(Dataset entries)
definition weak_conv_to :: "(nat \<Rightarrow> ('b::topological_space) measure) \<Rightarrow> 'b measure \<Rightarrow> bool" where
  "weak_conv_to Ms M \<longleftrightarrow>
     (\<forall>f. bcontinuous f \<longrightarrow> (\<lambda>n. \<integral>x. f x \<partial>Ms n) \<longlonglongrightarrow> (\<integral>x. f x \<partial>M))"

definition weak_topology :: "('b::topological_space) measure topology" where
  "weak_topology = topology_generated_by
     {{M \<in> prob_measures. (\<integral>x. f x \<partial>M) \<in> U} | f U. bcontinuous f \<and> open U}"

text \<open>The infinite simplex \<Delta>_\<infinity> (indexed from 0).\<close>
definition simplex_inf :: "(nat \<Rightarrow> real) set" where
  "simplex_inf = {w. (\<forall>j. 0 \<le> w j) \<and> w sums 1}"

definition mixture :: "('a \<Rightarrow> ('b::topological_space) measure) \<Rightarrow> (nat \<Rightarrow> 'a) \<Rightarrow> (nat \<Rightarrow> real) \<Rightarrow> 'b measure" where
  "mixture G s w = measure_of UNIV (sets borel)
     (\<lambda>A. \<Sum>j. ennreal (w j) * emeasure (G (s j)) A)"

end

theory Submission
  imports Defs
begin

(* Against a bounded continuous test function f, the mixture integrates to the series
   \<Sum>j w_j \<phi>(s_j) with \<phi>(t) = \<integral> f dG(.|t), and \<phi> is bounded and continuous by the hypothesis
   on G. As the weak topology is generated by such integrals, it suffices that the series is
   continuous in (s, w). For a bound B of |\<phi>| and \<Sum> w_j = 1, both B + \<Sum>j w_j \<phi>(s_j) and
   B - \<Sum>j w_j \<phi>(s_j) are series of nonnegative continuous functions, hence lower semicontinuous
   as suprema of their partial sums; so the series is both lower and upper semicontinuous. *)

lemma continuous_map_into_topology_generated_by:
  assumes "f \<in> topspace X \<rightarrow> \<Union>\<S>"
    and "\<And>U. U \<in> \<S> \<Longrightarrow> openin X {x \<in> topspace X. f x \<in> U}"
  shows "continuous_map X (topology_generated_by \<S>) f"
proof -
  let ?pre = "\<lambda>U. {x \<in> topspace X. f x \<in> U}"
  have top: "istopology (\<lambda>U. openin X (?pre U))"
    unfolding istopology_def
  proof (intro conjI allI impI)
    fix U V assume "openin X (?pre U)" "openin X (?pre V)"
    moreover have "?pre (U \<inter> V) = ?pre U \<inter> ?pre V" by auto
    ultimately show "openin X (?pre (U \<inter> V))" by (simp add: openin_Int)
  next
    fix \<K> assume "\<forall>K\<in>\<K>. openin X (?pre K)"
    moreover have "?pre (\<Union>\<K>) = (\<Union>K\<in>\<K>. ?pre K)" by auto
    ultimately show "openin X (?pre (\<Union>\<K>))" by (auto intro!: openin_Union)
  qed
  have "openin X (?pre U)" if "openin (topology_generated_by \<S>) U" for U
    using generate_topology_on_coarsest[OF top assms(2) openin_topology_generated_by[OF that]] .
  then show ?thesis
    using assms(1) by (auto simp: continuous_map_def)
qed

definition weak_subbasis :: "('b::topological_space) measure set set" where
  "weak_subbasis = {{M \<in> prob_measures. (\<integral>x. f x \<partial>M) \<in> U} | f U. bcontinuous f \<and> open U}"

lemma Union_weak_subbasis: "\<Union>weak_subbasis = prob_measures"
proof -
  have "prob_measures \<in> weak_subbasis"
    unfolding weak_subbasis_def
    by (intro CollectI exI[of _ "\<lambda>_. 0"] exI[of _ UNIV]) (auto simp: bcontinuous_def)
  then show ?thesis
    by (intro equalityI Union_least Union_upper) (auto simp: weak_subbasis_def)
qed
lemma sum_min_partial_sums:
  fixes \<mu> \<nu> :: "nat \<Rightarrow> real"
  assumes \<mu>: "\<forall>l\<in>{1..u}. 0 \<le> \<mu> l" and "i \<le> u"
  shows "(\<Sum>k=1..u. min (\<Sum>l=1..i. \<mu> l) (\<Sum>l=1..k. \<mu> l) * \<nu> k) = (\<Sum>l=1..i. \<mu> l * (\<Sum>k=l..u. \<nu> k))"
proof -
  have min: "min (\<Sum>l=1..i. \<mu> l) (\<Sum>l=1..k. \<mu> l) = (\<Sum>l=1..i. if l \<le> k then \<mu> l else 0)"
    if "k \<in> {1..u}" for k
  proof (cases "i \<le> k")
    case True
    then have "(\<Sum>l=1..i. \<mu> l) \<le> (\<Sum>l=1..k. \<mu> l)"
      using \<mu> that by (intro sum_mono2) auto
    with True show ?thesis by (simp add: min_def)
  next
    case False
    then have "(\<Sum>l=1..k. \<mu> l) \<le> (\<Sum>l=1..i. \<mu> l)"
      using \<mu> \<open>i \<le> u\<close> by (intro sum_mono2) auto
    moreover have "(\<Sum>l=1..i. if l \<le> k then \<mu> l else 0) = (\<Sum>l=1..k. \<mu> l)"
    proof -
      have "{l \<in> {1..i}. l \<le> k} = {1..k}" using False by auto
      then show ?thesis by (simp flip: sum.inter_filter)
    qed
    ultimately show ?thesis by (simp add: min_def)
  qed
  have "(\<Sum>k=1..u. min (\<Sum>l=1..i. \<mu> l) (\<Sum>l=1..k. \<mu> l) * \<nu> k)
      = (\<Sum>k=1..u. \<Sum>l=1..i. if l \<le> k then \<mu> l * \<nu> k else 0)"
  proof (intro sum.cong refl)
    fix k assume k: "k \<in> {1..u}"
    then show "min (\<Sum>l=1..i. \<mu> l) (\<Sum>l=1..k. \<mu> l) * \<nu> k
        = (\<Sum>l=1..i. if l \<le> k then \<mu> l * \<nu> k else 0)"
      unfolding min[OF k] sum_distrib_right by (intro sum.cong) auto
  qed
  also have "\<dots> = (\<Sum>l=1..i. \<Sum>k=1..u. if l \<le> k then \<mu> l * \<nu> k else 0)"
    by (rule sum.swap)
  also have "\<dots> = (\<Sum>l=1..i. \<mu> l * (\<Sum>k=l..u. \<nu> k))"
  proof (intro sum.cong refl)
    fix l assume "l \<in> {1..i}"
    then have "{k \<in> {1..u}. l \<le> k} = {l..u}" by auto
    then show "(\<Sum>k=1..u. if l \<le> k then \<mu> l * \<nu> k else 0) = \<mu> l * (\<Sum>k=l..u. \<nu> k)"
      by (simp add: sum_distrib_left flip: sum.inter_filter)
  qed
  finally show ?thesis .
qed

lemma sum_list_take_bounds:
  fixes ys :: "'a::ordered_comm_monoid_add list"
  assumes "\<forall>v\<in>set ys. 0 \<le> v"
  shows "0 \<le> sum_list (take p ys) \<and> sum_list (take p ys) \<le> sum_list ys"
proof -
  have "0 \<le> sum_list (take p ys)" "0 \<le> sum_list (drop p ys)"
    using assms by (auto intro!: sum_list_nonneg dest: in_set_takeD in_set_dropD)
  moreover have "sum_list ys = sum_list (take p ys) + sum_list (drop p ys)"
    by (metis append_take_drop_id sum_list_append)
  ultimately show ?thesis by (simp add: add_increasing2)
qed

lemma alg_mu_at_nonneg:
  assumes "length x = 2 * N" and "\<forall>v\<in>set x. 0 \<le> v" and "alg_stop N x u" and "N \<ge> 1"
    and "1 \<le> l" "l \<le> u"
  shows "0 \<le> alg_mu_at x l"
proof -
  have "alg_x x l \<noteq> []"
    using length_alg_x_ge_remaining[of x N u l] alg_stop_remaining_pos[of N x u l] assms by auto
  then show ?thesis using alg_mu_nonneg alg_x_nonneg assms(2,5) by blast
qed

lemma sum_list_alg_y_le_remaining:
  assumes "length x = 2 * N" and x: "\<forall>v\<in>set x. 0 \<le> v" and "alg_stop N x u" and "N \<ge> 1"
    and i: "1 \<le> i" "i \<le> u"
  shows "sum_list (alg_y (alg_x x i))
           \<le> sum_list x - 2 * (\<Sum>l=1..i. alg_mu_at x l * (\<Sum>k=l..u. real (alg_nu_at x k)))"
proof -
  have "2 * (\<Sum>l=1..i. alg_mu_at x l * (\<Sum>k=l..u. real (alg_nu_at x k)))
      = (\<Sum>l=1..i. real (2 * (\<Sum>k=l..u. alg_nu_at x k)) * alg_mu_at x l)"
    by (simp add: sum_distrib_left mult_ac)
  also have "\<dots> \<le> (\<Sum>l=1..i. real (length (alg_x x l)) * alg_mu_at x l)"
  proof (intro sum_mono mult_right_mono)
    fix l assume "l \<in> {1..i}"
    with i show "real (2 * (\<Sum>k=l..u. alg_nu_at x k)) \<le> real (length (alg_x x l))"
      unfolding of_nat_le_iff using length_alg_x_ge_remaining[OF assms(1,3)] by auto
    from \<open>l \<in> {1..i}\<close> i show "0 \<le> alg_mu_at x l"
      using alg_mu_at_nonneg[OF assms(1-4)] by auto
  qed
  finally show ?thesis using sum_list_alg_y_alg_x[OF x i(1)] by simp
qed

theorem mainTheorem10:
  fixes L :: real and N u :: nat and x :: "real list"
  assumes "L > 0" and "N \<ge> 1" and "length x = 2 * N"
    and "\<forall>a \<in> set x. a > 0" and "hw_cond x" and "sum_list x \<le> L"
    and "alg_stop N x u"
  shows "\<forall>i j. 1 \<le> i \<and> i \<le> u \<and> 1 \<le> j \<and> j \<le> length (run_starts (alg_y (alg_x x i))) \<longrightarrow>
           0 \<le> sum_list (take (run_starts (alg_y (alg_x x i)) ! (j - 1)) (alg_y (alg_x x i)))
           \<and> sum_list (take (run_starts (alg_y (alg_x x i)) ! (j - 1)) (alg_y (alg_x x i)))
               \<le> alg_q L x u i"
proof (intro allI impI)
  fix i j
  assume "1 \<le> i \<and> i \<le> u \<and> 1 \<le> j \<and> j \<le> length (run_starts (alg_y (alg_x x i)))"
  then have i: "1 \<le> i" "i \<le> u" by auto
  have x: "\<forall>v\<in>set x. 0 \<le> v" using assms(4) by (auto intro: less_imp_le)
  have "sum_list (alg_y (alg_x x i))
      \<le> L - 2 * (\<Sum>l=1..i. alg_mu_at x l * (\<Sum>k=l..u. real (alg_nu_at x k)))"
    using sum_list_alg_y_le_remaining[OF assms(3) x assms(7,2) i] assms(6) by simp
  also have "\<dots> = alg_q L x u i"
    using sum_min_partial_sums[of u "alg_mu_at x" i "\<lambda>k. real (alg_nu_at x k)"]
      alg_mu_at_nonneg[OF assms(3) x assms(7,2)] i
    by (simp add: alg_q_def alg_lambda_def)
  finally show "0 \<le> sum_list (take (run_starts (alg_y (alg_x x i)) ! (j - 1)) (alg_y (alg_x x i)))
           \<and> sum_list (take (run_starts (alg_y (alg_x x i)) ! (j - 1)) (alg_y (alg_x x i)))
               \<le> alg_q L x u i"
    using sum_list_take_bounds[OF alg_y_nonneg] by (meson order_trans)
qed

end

__What is being asked__. Going through the entries above, count each line that has the word "moreover" and report only the count.

__Solution for this task__. 4